Трудно определить, почему ощущение безусловной правдивости, уверенность в том, что все было именно так – так мальчик убирал двор, так отец толкнул его, так он упал, так он стоял потом «между копной оплавок и ометом соломы», стоял и плакал вместе с вьюгой, – охватывает читателя сразу, с первых же строк? Переходя от тех рукописей к этой, чувство испытываешь такое, словно из царства приблизительности мгновенно переселяешься в царство точности, от словесной какофонии – к слову в строю. Редактор может быть человеком молодым, знающим быт дореволюционной деревни лишь по книгам; он может быть и человеком городским, вовсе не знающим, так ли затягивали петлю на оглоблях и что такое оплавки… Но почему-то, читая, он верит каждому движению мальчика, неумело ковыряющего навоз, каждому движению отца, затягивающего петлю на оглобле, верит в такой степени, в какой только что не верил Бальжит, включающей радиоприемник, и беседе тети Нины с Екатериной Николаевной.
Откуда это ощущение правды? Создается ли оно точностью, конкретностью изображения? «…Он взял один конец [веревки] в зубы, другой – в руку и стал затягивать петлю, а обухом топора… стал колотить по узлу петли, чтобы она туже затянулась»; «Дорога скоро исчезла под мертвым покровом – исчезла вместе с ниточками желтой соломы»…
В чем сила, прелесть отрывка? Создается ли она предметностью изображения? Вот этими ниточками желтой соломы? Да, конечно. Однако не только ею. Если бы отрывок был силен точностью только предметной, он имел бы всего лишь этнографическую, а не художественную ценность. Он не волновал бы, не трогал. Но тут достоверность подробностей труда и быта проложила дорогу достоверности психологической, а ритм подтвердил эту достоверность. Все дело в том, что под зорко увиденными чертами быта бьется столь же отчетливо расслышанная нота горечи, сдержанное рыдание мальчика, которое вырывается наружу в конце. Сначала оно почти не слышно, оно таится где-то под текстом, а к концу становится звучным, вырываясь из-под текста наружу. «Стонала и выла разыгравшаяся пурга, выл и я вместе с ней…»

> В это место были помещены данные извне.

lemma \<rho>\<pi>_close:
  obtains K where "0 \<le> K" "\<And>y. y \<in> MY \<Longrightarrow> dY (\<rho> (\<pi> y)) y \<le> K"
  using quasi_inverse close_maps_bounded_coarse[of MY MY dY "\<rho> \<circ> \<pi>" id]
  unfolding coarse_quasi_inverse_def by auto

lemma admissible_f_star: "admissible_map Y.mtopology W f_star"
  by (rule admissible_map_pull_admissible[OF X.admissible])

lemma f_star_preimage_subset:
  assumes "closedin X.mtopology C"
  shows "f_star {y \<in> MY. \<pi> y \<in> C} \<subseteq> f C"
proof -
  have "X.mtopology closure_of (\<pi> ` {y \<in> MY. \<pi> y \<in> C}) \<subseteq> C"
    using assms by (intro closure_of_minimal) auto
  then have "f (X.mtopology closure_of (\<pi> ` {y \<in> MY. \<pi> y \<in> C})) \<subseteq> f C"
    by (rule admissible_map_mono[OF X.admissible closedin_closure_of assms])
  moreover have "closedin W (f C)"
    using X.admissible assms unfolding admissible_map_def by blast
  ultimately show ?thesis
    unfolding pull_admissible_def by (rule closure_of_minimal)
qed

lemma boundary_subset_f_star:
  assumes "closedin Y.mtopology A"
  shows "f {x \<in> MX. \<rho> x \<in> A} \<subseteq> f_star A"
proof -
  obtain K where K: "\<And>x. x \<in> MX \<Longrightarrow> dX (\<pi> (\<rho> x)) x \<le> K"
    using \<pi>\<rho>_close by blast
  let ?A = "X.mtopology closure_of (\<pi> ` A)"
  have "closedin X.mtopology {x \<in> MX. \<rho> x \<in> A}"
    using closedin_continuous_map_preimage[OF continuous_\<rho> assms] by simp
  moreover have "\<exists>a\<in>?A. dX a x \<le> K" if "x \<in> {x \<in> MX. \<rho> x \<in> A}" for x
  proof -
    have "\<pi> ` A \<subseteq> topspace X.mtopology"
      using closedin_subset[OF assms] \<pi>_in by auto
    then have "\<pi> (\<rho> x) \<in> ?A"
      using that closure_of_subset by blast
    then show ?thesis
      using K that by blast
  qed
  ultimately have "f {x \<in> MX. \<rho> x \<in> A} \<subseteq> f ?A"
    by (intro X.boundary_subset_if_near) auto
  also have "\<dots> \<subseteq> f_star A"
    unfolding pull_admissible_def
    using admissible_map_subset_topspace[OF X.admissible closedin_closure_of] by (rule closure_of_subset)
  finally show ?thesis .
qed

«Нужно рисовать людей и события, – говорил Короленко, – а чувство должно рождаться у читателя само, из этих описаний»[54]. Автор с большою зоркостью описал мелкие события этого утра, с большим количеством вещных, конкретных подробностей, сделавших достоверным и «чувство» – ту горькую злобу, с какой растоптанный нуждой человек топчет другого, срывает свое горе на беззащитном и ни в чем не повинном ребенке.

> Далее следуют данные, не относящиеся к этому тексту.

lemma labelling_through_positive_row:
  assumes v: "walk A d p v" "v 0 = i" "v p = i0"
    and pos: "\<forall>j\<in>{1..d}. A i0 j > 0"
    and s: "\<forall>j\<in>{1..d}. s j \<in> {1..d} \<and> A j (s j) > 0"
    and ell: "ell \<in> level k (Suc p) \<rightarrow>\<^sub>E {1..d}"
  defines "lam \<equiv> \<lambda>x. if length x \<le> p then v (length x)
    else (s ^^ (length x - Suc p)) (ell (take (Suc p) x))"
  shows "lam \<in> XA k d A" and "lam [] = i" and "restrict lam (level k (Suc p)) = ell"
proof -
  have lam_range: "lam x \<in> {1..d}" if x: "x \<in> ktree k" for x
  proof (cases "length x \<le> p")
    case False
    then have "take (Suc p) x \<in> level k (Suc p)"
      using x set_take_subset[of "Suc p" x] by (auto simp: level_def ktree_def)
    then have "ell (take (Suc p) x) \<in> {1..d}"
      using ell by blast
    then show ?thesis
      using False s funpow_closed[of "{1..d}" s] by (auto simp: lam_def)
  qed (use v(1) in \<open>simp add: lam_def walk_def\<close>)
  have "A (lam x) (lam (x @ [g])) > 0" if x: "x \<in> ktree k" and g: "g \<in> {1..k}" for x g
  proof (cases "length x" p rule: linorder_cases)
    case less
    then show ?thesis using v(1) by (simp add: lam_def walk_def)
  next
    case equal
    then show ?thesis
      using pos v(3) lam_range[OF ktree_snoc[OF x g]] by (simp add: lam_def)
  next
    case greater
    then obtain q where q: "length x = Suc p + q"
      using less_imp_Suc_add by blast
    then have "lam (x @ [g]) = s (lam x)"
      by (simp add: lam_def)
    then show ?thesis
      using s lam_range[OF x] by simp
  qed
  with lam_range show "lam \<in> XA k d A"
    unfolding XA_def by blast
  show "lam [] = i"
    using v(2) by (simp add: lam_def)
  have "restrict lam (level k (Suc p)) = restrict ell (level k (Suc p))"
    by (rule restrict_ext) (simp add: lam_def level_def)
  then show "restrict lam (level k (Suc p)) = ell"
    using ell by simp
qed

lemma in_Pstar_n_Suc_if_positive_row:
  assumes "i0 \<in> {1..d}" "\<forall>j\<in>{1..d}. A i0 j > 0"
    and walks: "\<forall>i\<in>{1..d}. matpow d A p i i0 > 0"
    and succ: "\<forall>j\<in>{1..d}. \<exists>l\<in>{1..d}. A j l > 0"
  shows "in_Pstar_n k d A (Suc p)"
proof (rule in_Pstar_nI)
  fix i ell assume i: "i \<in> {1..d}" and ell: "ell \<in> level k (Suc p) \<rightarrow>\<^sub>E {1..d}"
  obtain s where s: "\<forall>j\<in>{1..d}. s j \<in> {1..d} \<and> A j (s j) > 0"
    using bchoice[of "{1..d}" "\<lambda>j l. l \<in> {1..d} \<and> A j l > 0"] succ by blast
  obtain v where "walk A d p v" "v 0 = i" "v p = i0"
    using walk_if_matpow_pos[OF i assms(1)] walks i by blast
  note lam = labelling_through_positive_row[OF this assms(2) s ell]
  show "\<exists>lam\<in>XA k d A. lam [] = i \<and> restrict lam (level k (Suc p)) = ell"
    using lam(2,3) by (intro bexI[OF _ lam(1)]) simp
qed


subsection \<open>Necessity of a positive row\<close>

definition skip :: "nat \<Rightarrow> nat \<Rightarrow> nat" where
  "skip m g = (if g < m then g else Suc g)"

lemma skip_image:
  assumes "m \<in> {1..k + 1}"
  shows "skip m ` {1..k} = {1..k + 1} - {m}"
proof
  show "skip m ` {1..k} \<subseteq> {1..k + 1} - {m}"
    by (auto simp: skip_def)
  show "{1..k + 1} - {m} \<subseteq> skip m ` {1..k}"
  proof
    fix l assume l: "l \<in> {1..k + 1} - {m}"
    show "l \<in> skip m ` {1..k}"
    proof (cases "l < m")
      case True
      then show ?thesis using l assms by (intro image_eqI[of _ _ l]) (auto simp: skip_def)
    next
      case False
      then show ?thesis using l assms by (intro image_eqI[of _ _ "l - 1"]) (auto simp: skip_def)
    qed
  qed
qed

lemma skip_range: "g \<in> {1..k} \<Longrightarrow> skip m g \<in> {1..k + 1}"
  by (auto simp: skip_def)

definition row_positive_except :: "(nat \<Rightarrow> nat \<Rightarrow> nat) \<Rightarrow> nat \<Rightarrow> nat \<Rightarrow> nat \<Rightarrow> bool" where
  "row_positive_except A d j m \<longleftrightarrow> (\<forall>l\<in>{1..d} - {m}. A j l > 0)"

lemma row_positive_except_unique:
  assumes "\<exists>l\<in>{1..d}. A j l = 0"
    and "row_positive_except A d j m" "row_positive_except A d j m'"
  shows "m = m'"
proof -
  obtain l where "l \<in> {1..d}" "A j l = 0"
    using assms(1) by blast
  then have "l = m" and "l = m'"
    using assms(2,3) unfolding row_positive_except_def by force+
  then show ?thesis
    by simp
qed

lemma row_positive_except_parent:
  assumes "d = k + 1" "lam \<in> XA k d A" "x \<in> ktree k" "m \<in> {1..d}"
    and children: "\<And>g. g \<in> {1..k} \<Longrightarrow> lam (x @ [g]) = skip m g"
  shows "row_positive_except A d (lam x) m"
  unfolding row_positive_except_def
proof
  fix l assume "l \<in> {1..d} - {m}"
  then obtain g where g: "g \<in> {1..k}" "l = skip m g"
    using skip_image[of m k] assms(1,4) by blast
  then have "A (lam x) (lam (x @ [g])) > 0"
    using assms(2,3) by (auto simp: XA_def)
  then show "A (lam x) l > 0"
    using children g by simp
qed

lemma not_in_Pstar_n_Suc_if_complement_unrealised:
  assumes "k \<ge> 1" "d = k + 1" "m \<in> {1..d}"
    and unrealised: "\<forall>j\<in>{1..d}. \<not> row_positive_except A d j m"
  shows "\<not> in_Pstar_n k d A (Suc n)"
proof
  assume "in_Pstar_n k d A (Suc n)"
  moreover have "(\<lambda>x\<in>level k (Suc n). skip m (last x)) \<in> level k (Suc n) \<rightarrow>\<^sub>E {1..d}"
  proof (rule restrict_PiE_iff[THEN iffD2], intro ballI)
    fix x assume "x \<in> level k (Suc n)"
    then have "x \<noteq> []" "set x \<subseteq> {1..k}"
      by (auto simp: level_def ktree_def)
    then have "last x \<in> {1..k}"
      using last_in_set by blast
    then show "skip m (last x) \<in> {1..d}"
      using skip_range assms(2) by blast
  qed
  ultimately obtain lam where lam: "lam \<in> XA k d A"
    and lev: "restrict lam (level k (Suc n)) = (\<lambda>x\<in>level k (Suc n). skip m (last x))"
    by (rule in_Pstar_nD[OF _ assms(3)])
  define x where "x = replicate n (1::nat)"
  have x: "x \<in> ktree k"
    using assms(1) by (auto simp: x_def ktree_def)
  have "lam (x @ [g]) = skip m g" if "g \<in> {1..k}" for g
  proof -
    have "x @ [g] \<in> level k (Suc n)"
      using ktree_snoc[OF x that] by (simp add: level_def x_def)
    then show ?thesis
      using fun_cong[OF lev, of "x @ [g]"] by simp
  qed
  then have "row_positive_except A d (lam x) m"
    using row_positive_except_parent[OF assms(2) lam x assms(3)] by blast
  moreover have "lam x \<in> {1..d}"
    using lam x by (auto simp: XA_def)
  ultimately show False
    using unrealised by blast
qed

definition complement_labelling :: "(nat \<Rightarrow> nat) \<Rightarrow> nat \<Rightarrow> nat list \<Rightarrow> nat" where
  "complement_labelling h r x = foldl (\<lambda>c g. skip (h c) g) r x"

Можно ли на основе одного отрывка утверждать, что повесть непременно удастся автору, что она окажется читателю нужной, что ее необходимо печатать? Нет, нельзя. Конечно, нельзя. Ведь автор представил пока что всего только описание детства своего героя. Рядом с этой маленькой главой – о сыне и отце – там есть еще главы о деде: как дедушка чинит кадки, как дружит с мерином Яшкой; есть глава и о том, как «сам земский начальник» нагрянул в село с приставом и казаками для выколачивания недоимок и податей – и вот, под вопли, крики и ругань толпы, «вдоль села потянулись подводы, нагруженные холстами, самоварами, мешками с хлебом, свиньями». Казаки гнали овец, телят, коров, вели в поводу лошадей. «Дедушка сидел на бугре снега в проулке и смотрел вслед подводам и нашим овцам. Из глаз его капали слезы, стекавшие по морщинам лица на сверкающий на солнце снег». И лес, синей тучей темнеющий на краю ясного, весеннего неба; и молоток, которым дед осаживает обруч на кадке, и страшный день сбора недоимки; и день смерти деда – первой смерти, которую видит мальчик, – описаны с той же точностью и силой, с какой в приведенной главке изображены отношения сына с отцом и их работа. Но, несмотря на добротность всех описаний, можно ли быть уверенным, что с такой же силой, искренностью, точностью изобразит автор и самое главное в задуманной повести – рост сознания мальчика, путь юноши вместе с бедняками села к революции? Будут ли с такой же степенью характерности нарисованы герои революции, с какой изображены отец, дед, стражник? И деятельность организаторов, поднимающих крестьян на борьбу, окажется ли столь же наглядной, столь же убедительной, изображенной столь же конкретно и правдиво, как повседневная работа крестьян во дворе, в избе, в поле? Хватит ли, наконец, у автора исторических познаний, способности к обобщению, чтобы правдиво – не с бытовой точки зрения только, а с точки зрения современной исторической науки – изобразить крестьянские восстания в России накануне 1905 года? Или ему – на протяжении всей повести – удадутся только черты затхлого дореволюционного крестьянского быта?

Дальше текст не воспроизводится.